▶ _TASK ITEM_:
Would you please transcribe, exactly as written, the lines of the entries below starting at the one that holds "k l i j = T" and ending at the one that holds "U \<Longrightarrow> algebraic_curvature", both included?

Stored items:
________________

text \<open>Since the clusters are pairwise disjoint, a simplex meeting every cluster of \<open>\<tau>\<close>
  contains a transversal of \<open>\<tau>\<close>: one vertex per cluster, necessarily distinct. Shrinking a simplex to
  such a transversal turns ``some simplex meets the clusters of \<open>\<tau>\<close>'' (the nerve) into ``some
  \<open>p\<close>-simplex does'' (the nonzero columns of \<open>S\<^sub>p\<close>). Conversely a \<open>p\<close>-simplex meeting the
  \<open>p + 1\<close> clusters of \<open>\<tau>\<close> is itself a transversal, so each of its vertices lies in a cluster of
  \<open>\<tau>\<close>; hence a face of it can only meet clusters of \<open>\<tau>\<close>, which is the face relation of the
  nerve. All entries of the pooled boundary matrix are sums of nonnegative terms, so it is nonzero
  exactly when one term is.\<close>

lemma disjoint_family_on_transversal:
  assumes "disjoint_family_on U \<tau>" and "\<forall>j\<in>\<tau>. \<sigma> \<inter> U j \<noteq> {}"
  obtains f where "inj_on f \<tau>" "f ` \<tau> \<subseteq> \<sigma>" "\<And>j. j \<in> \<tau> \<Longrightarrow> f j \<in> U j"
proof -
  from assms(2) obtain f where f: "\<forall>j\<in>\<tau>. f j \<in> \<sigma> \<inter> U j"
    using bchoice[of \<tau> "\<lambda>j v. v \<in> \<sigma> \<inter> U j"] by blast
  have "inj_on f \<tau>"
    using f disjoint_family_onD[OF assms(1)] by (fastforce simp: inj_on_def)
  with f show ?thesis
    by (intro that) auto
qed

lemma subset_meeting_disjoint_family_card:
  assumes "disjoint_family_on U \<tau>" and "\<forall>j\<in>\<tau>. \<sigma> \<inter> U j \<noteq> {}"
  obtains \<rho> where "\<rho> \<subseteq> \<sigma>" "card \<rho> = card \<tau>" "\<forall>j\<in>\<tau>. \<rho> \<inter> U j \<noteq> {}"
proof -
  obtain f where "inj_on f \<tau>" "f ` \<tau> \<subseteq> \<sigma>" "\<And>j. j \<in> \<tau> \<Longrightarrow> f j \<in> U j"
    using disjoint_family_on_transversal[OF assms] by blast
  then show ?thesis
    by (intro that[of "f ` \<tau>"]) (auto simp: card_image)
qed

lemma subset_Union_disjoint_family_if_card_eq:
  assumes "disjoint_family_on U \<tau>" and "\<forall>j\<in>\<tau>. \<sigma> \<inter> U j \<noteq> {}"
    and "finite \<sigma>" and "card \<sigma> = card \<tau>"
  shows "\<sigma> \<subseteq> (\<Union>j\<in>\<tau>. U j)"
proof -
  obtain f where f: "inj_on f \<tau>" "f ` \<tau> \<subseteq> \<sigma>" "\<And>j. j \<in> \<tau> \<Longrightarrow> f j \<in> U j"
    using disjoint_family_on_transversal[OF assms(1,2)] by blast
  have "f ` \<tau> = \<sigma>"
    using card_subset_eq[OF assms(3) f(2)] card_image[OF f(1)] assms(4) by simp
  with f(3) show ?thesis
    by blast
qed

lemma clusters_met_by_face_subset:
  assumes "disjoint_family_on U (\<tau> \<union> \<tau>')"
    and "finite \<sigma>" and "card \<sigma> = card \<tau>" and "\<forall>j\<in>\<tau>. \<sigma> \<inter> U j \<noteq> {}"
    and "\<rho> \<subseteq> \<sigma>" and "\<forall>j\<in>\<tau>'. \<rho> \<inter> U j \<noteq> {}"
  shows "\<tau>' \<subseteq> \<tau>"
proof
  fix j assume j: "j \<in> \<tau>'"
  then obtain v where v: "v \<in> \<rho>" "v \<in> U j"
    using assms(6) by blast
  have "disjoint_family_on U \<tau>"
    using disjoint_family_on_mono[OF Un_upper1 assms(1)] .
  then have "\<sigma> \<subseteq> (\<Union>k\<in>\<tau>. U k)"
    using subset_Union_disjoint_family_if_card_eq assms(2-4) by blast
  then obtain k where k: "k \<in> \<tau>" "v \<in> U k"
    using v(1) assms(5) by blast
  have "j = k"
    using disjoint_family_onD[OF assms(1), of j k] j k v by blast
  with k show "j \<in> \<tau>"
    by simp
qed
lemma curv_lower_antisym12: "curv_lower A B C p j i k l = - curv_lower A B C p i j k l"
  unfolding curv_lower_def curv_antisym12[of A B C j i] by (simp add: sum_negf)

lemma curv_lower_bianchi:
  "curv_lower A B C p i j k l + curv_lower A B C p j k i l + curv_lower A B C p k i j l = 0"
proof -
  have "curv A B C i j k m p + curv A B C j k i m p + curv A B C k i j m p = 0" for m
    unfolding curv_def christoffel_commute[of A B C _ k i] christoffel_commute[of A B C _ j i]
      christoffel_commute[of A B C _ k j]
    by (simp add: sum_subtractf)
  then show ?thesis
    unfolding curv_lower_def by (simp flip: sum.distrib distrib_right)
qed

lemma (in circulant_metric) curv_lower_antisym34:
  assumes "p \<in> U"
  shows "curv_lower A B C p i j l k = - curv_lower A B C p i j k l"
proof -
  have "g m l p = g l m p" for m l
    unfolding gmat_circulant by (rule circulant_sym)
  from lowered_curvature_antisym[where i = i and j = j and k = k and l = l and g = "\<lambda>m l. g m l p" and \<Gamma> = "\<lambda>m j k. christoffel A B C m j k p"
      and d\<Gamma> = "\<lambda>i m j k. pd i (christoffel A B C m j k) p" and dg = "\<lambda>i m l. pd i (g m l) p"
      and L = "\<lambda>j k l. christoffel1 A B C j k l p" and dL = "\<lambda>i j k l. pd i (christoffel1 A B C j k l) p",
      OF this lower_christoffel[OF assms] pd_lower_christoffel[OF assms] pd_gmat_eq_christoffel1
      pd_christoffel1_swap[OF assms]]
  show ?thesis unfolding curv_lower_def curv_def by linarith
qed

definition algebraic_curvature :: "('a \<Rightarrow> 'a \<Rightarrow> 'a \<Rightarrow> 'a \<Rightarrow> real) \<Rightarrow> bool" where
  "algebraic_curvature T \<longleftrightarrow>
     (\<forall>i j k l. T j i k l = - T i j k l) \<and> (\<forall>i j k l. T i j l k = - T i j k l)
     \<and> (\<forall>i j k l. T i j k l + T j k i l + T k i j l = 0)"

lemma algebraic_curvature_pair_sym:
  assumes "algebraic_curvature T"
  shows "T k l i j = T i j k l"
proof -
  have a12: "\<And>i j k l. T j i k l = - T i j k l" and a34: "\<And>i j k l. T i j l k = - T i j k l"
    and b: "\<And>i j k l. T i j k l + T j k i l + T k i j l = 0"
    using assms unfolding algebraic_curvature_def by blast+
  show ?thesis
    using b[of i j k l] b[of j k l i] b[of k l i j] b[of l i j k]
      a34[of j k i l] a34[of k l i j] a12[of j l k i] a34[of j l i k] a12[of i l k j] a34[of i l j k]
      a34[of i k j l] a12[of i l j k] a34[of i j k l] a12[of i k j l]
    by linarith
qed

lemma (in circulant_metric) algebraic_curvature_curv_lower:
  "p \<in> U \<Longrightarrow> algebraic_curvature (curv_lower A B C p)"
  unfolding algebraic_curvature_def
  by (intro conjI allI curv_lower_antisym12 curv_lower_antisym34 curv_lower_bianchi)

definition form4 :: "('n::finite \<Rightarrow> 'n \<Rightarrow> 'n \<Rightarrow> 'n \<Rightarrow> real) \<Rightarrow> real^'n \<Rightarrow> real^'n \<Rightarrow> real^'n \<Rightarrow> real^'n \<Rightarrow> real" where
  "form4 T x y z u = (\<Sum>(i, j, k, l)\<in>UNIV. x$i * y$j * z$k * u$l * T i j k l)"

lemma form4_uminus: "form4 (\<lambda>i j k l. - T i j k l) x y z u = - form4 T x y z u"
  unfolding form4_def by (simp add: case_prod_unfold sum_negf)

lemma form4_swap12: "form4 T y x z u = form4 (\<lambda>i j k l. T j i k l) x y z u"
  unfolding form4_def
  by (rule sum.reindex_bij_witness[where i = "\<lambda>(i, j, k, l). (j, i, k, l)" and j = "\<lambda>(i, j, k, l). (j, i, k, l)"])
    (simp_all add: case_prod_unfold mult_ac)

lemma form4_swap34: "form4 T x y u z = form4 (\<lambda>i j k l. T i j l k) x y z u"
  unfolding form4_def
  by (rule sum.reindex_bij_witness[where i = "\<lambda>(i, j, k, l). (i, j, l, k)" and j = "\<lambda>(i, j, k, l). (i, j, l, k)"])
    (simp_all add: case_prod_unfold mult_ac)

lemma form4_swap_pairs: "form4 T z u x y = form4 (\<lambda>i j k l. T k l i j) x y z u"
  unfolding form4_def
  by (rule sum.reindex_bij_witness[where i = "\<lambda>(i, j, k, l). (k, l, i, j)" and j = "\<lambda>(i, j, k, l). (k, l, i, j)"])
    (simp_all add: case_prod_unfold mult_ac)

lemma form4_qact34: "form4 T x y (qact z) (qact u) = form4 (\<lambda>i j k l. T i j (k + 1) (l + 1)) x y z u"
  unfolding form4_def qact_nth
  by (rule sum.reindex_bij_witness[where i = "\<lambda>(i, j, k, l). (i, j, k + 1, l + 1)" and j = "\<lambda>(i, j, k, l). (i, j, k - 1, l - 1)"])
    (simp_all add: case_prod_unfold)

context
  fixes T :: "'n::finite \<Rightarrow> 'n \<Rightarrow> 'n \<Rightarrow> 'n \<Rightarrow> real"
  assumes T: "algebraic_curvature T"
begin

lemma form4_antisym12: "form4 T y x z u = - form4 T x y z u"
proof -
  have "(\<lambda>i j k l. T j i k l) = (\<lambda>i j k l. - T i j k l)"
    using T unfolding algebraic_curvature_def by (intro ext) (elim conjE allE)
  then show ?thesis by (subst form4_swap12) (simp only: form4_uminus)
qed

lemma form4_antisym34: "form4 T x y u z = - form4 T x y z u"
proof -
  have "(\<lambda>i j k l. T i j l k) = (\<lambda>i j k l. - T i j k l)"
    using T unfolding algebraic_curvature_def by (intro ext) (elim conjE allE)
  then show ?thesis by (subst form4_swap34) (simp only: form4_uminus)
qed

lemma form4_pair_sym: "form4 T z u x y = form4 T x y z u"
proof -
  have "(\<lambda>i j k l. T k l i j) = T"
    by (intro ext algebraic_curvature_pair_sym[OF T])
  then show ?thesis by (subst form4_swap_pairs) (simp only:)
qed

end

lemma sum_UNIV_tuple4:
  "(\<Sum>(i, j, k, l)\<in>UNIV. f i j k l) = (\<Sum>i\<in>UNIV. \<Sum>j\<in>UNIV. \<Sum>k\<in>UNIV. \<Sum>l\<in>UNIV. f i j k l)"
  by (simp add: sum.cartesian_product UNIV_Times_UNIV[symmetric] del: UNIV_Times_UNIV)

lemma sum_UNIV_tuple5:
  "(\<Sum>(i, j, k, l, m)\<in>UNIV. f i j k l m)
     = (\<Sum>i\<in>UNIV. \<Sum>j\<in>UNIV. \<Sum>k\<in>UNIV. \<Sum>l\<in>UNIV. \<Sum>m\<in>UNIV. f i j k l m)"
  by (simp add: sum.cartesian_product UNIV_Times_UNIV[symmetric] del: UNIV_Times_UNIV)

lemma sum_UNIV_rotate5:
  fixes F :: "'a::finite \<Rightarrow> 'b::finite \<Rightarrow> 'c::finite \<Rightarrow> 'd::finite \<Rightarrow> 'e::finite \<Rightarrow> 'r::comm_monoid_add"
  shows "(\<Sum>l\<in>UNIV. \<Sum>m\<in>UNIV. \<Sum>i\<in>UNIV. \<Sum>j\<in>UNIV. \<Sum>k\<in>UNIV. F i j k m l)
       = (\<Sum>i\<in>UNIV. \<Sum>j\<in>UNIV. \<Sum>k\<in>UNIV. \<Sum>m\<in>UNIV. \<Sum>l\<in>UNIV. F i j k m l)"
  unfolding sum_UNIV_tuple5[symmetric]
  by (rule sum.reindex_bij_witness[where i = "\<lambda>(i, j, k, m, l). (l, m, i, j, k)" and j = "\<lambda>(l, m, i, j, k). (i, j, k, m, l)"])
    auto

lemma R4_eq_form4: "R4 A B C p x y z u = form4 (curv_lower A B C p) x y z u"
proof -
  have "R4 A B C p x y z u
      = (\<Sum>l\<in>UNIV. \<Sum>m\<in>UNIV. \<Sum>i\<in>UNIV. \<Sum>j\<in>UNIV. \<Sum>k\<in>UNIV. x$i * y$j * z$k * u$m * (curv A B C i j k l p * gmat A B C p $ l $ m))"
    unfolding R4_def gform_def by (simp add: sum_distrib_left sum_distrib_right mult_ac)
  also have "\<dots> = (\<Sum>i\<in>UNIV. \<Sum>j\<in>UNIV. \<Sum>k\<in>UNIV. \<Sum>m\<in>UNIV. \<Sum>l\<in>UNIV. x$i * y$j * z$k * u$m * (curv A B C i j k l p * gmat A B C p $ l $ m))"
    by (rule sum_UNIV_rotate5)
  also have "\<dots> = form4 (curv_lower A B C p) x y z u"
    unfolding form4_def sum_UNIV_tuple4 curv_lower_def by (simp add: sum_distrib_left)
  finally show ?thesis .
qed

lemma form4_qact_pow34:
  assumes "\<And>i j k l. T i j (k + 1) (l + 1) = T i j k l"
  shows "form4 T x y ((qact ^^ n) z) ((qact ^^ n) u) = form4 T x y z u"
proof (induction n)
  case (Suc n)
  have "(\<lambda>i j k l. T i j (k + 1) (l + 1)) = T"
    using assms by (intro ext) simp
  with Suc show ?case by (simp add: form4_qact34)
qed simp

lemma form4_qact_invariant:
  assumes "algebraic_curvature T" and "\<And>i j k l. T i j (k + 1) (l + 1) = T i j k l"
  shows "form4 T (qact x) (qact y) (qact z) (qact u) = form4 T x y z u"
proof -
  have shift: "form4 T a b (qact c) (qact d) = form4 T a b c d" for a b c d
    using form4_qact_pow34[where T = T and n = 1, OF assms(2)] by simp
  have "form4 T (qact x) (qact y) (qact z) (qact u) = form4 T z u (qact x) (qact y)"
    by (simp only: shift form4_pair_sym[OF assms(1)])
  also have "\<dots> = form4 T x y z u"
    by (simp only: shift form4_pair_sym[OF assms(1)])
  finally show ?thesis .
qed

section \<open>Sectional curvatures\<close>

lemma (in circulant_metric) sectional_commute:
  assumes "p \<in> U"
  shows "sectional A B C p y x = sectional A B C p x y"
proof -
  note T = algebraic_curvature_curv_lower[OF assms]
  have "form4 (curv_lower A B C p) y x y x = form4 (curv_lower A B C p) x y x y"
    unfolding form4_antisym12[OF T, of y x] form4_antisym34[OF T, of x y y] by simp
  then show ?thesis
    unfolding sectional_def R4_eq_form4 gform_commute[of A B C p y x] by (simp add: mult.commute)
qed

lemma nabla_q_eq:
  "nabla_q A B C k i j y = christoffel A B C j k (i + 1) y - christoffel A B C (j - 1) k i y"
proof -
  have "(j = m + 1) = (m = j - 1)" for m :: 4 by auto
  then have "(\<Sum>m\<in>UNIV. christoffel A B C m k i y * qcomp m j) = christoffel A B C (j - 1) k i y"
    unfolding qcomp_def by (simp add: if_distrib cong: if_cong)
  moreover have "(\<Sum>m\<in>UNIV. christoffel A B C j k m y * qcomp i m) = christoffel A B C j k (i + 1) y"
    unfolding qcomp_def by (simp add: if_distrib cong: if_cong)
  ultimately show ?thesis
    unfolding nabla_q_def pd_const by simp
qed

________________

▶ _ANSWER TO THE EXERCISE_:
  shows "T k l i j = T i j k l"
proof -
  have a12: "\<And>i j k l. T j i k l = - T i j k l" and a34: "\<And>i j k l. T i j l k = - T i j k l"
    and b: "\<And>i j k l. T i j k l + T j k i l + T k i j l = 0"
    using assms unfolding algebraic_curvature_def by blast+
  show ?thesis
    using b[of i j k l] b[of j k l i] b[of k l i j] b[of l i j k]
      a34[of j k i l] a34[of k l i j] a12[of j l k i] a34[of j l i k] a12[of i l k j] a34[of i l j k]
      a34[of i k j l] a12[of i l j k] a34[of i j k l] a12[of i k j l]
    by linarith
qed

lemma (in circulant_metric) algebraic_curvature_curv_lower:
  "p \<in> U \<Longrightarrow> algebraic_curvature (curv_lower A B C p)"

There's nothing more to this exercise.